[Saved data entries]
────

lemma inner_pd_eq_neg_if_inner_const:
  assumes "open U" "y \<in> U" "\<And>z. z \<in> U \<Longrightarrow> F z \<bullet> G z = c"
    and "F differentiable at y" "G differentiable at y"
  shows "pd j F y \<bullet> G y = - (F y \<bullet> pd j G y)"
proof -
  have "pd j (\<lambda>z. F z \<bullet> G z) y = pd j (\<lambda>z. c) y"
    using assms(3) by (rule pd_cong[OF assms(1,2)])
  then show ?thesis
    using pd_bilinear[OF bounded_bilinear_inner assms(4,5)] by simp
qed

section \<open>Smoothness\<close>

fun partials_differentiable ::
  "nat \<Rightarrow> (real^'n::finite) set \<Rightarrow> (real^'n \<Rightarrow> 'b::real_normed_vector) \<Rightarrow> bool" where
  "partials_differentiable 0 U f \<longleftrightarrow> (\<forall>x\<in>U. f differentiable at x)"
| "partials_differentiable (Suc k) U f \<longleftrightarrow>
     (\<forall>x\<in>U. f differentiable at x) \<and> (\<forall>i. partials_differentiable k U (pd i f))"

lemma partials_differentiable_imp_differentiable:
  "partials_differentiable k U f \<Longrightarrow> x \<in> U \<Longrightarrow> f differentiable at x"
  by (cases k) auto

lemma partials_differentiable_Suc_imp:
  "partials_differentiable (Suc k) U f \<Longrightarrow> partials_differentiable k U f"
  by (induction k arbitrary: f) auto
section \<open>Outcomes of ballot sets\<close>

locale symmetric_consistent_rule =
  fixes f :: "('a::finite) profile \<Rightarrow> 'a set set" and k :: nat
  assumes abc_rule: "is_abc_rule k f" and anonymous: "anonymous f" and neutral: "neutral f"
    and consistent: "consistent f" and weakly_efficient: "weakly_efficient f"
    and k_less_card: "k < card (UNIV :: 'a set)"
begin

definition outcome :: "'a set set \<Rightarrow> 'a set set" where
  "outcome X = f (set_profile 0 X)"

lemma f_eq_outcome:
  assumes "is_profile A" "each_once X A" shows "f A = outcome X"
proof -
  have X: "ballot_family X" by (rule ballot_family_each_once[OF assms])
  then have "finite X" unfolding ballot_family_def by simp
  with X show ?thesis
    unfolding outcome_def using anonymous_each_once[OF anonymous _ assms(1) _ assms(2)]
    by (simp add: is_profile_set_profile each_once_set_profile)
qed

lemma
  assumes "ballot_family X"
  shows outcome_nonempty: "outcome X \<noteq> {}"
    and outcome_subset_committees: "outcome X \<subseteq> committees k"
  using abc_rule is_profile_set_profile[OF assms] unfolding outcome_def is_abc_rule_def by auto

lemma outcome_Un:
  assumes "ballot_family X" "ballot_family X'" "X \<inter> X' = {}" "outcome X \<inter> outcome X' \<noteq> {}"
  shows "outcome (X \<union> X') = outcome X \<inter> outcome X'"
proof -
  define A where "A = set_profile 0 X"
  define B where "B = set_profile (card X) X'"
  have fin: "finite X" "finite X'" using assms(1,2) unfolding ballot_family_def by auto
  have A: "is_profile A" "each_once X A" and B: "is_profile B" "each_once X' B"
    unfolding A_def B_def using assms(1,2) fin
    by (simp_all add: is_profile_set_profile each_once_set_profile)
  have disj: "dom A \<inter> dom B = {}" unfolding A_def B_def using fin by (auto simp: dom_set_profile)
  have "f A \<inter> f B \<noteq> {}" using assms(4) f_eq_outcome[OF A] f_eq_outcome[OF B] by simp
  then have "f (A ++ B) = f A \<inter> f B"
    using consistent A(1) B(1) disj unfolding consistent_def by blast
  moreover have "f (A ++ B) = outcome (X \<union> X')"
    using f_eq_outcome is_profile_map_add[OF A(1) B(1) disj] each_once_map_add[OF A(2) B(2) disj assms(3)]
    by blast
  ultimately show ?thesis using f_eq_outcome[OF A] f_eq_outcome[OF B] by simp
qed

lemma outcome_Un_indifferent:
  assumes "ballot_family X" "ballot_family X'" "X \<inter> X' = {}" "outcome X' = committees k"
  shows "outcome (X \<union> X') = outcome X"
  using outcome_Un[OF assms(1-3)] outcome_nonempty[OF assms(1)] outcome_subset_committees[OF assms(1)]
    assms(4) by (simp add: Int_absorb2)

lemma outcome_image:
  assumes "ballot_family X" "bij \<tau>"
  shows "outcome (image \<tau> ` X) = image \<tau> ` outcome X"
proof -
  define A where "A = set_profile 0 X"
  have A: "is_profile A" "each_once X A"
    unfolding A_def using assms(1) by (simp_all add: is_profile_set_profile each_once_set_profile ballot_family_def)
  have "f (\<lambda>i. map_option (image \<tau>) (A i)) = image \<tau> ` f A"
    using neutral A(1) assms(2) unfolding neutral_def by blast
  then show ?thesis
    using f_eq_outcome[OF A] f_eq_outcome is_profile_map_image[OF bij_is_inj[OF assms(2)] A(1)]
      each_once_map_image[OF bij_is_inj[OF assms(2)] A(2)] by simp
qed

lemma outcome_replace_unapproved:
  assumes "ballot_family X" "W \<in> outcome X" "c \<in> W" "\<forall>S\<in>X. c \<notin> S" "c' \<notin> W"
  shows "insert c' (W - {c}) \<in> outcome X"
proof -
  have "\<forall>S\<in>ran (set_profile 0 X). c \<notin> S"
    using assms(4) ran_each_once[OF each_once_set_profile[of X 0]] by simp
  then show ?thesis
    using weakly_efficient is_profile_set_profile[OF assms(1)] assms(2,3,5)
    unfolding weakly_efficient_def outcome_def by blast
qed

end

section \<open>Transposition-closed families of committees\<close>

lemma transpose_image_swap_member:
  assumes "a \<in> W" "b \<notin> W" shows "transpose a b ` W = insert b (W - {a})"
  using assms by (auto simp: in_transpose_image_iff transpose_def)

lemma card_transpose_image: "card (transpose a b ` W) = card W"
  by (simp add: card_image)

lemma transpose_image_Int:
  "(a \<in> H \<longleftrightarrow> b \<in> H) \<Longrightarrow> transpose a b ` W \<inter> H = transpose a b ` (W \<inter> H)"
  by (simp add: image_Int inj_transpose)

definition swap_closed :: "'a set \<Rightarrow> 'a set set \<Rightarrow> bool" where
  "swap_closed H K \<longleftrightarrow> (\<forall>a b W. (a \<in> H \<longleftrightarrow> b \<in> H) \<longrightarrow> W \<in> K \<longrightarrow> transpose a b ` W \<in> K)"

────

> _WHAT IS NEEDED_
Provide the count of lines above that contain "definition", without any other words.

> _EXERCISE RESPONSE_
2